▶ **Task directions**
Write out again, please, the records below from the first line to the line holding "of_real \<rho> * cayley_dominant a b n X", inclusive, and nothing else.

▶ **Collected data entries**

════

(* The Miller-Mocanu admissibility condition for psi(r, s) = r Q + s/(beta r + alpha). *)
lemma admissibility_condition:
  fixes X :: complex and a b \<rho> \<sigma> :: real
  assumes "0 < a" "0 < b" "0 < Re X" "\<sigma> \<le> - real n * (1 + \<rho>\<^sup>2) / 2"
  shows "\<i> * of_real \<rho> * cayley_dominant a b n X
           + of_real \<sigma> / (of_real b * (\<i> * of_real \<rho>) + of_real a) \<noteq> 1"
proof (cases "\<rho> = 0")
  case True
  then show ?thesis
    using assms by (auto simp: complex_eq_iff add_nonneg_nonneg)
next
  case False
  define P where "P = \<i> * of_real \<rho>"
  define D where "D = of_real b * P + of_real a"
  define c where "c = (- \<sigma> - real n * (1 + \<rho>\<^sup>2) / 2) / \<rho>\<^sup>2"
  have "P \<noteq> 0" and "D \<noteq> 0"
    using False assms(1) by (auto simp: P_def D_def complex_eq_iff)
  have "of_nat n * (1 - P\<^sup>2) / 2 - of_real c * P\<^sup>2 = of_real (real n * (1 + \<rho>\<^sup>2) / 2 + c * \<rho>\<^sup>2)"
    by (simp add: P_def power_mult_distrib algebra_simps)
  also have "\<dots> = - of_real \<sigma>"
    using False by (simp add: c_def)
  finally have numerator: "of_nat n * (1 - P\<^sup>2) / 2 - of_real c * P\<^sup>2 = - of_real \<sigma>" .
  have "of_real a * (1 / P) + of_real b = D / P"
    using \<open>P \<noteq> 0\<close> by (simp add: D_def field_simps)
  then have "(cayley_dominant a b n (1 / P) - of_real c / (of_real a * (1 / P) + of_real b)) * P
      = 1 + (of_nat n * (1 - P\<^sup>2) / 2 - of_real c * P\<^sup>2) / D"
    using \<open>P \<noteq> 0\<close> \<open>D \<noteq> 0\<close> unfolding cayley_dominant_def
    by (simp add: field_simps power2_eq_square)
  also have "\<dots> = 1 - of_real \<sigma> / D"
    by (simp add: numerator)
  finally have Y: "cayley_dominant a b n (1 / P) - of_real c / (of_real a * (1 / P) + of_real b)
      = (1 - of_real \<sigma> / D) / P"
    using \<open>P \<noteq> 0\<close> by (simp add: eq_divide_eq)
  have "Re (1 / P) = 0"
    by (simp add: P_def Re_divide)
  moreover have "0 \<le> c"
    using assms(4) by (simp add: c_def)
  ultimately have "cayley_dominant a b n X \<noteq> (1 - of_real \<sigma> / D) / P"
    unfolding Y[symmetric] by (intro cayley_dominant_ne assms(1-3))
  then show ?thesis
    using \<open>P \<noteq> 0\<close> unfolding P_def[symmetric] D_def[symmetric] by (auto simp: field_simps)
qed

theorem mainTheorem11:
  fixes n :: nat and \<alpha> \<beta> :: real and p Q :: "complex \<Rightarrow> complex"
  assumes "n > 0" and "\<alpha> \<ge> 0" and "\<beta> \<ge> 0" and "\<beta> \<noteq> 0"
    and "(\<alpha> < \<beta> \<and> \<beta> < 3 * \<alpha>) \<or> (\<beta> < \<alpha> \<and> \<alpha> < 3 * \<beta>)"
    and "Q \<in> H1 n"
    and "Q \<prec>\<^sub>D (\<lambda>z. (1 + z) / (1 - z) + 2 * of_nat n * z /
           ((1 - z) * (complex_of_real (\<alpha> + \<beta>) + complex_of_real (\<alpha> - \<beta>) * z)))"
    and "p \<in> H1 n"
    and "\<forall>z\<in>unit_disk. complex_of_real \<beta> * p z + complex_of_real \<alpha> \<noteq> 0"
    and "\<forall>z\<in>unit_disk. p z * Q z + z * deriv p z /
           (complex_of_real \<beta> * p z + complex_of_real \<alpha>) = 1"
  shows "p \<prec>\<^sub>D (\<lambda>z. (1 - z) / (1 + z))"
proof -
  have "0 < \<alpha>" "0 < \<beta>"
    using assms(2-5) by linarith+
  have holp: "p holomorphic_on unit_disk" and "p 0 = 1"
    using assms(8) by (auto simp: H1_def)
  obtain g where g: "g holomorphic_on unit_disk" "\<And>z. z \<in> unit_disk \<Longrightarrow> p z = 1 + z ^ n * g z"
    using H1_factor[OF assms(8)] by blast
  have pos: "0 < Re (p z)" if z: "z \<in> unit_disk" for z
  proof (rule ccontr)
    assume "\<not> 0 < Re (p z)"
    obtain z0 where z0: "z0 \<noteq> 0" "norm z0 < 1" "Re (p z0) = 0"
      "\<And>z. z \<in> cball 0 (norm z0) \<Longrightarrow> 0 \<le> Re (p z)"
      by (rule Re_zero_at_least_modulus[OF holomorphic_on_imp_continuous_on[OF holp] _ z])
        (use \<open>p 0 = 1\<close> \<open>\<not> 0 < Re (p z)\<close> in auto)
    obtain \<sigma> where \<sigma>: "z0 * deriv p z0 = of_real \<sigma>" "\<sigma> \<le> - real n * (1 + (Im (p z0))\<^sup>2) / 2"
      using Miller_Mocanu_lemma[OF holp g z0] .
    obtain X where "0 < Re X" "Q z0 = cayley_dominant \<alpha> \<beta> n X"
      using cayley_dominant_of_subordinate[OF \<open>0 < \<alpha>\<close> \<open>0 < \<beta>\<close> assms(7)] z0(2) by auto
    moreover have "p z0 = \<i> * of_real (Im (p z0))"
      using z0(3) by (simp add: complex_eq_iff)
    ultimately show False
      using assms(10) z0(2) \<sigma>(1) admissibility_condition[OF \<open>0 < \<alpha>\<close> \<open>0 < \<beta>\<close> _ \<sigma>(2)]
      by (metis mem_ball_0)
  qed
  show ?thesis
    using holp \<open>p 0 = 1\<close> pos by (rule subordinate_cayley_if_Re_pos)
qed

end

════

▶ **Exercise solution**
(* The Miller-Mocanu admissibility condition for psi(r, s) = r Q + s/(beta r + alpha). *)
lemma admissibility_condition:
  fixes X :: complex and a b \<rho> \<sigma> :: real
  assumes "0 < a" "0 < b" "0 < Re X" "\<sigma> \<le> - real n * (1 + \<rho>\<^sup>2) / 2"
  shows "\<i> * of_real \<rho> * cayley_dominant a b n X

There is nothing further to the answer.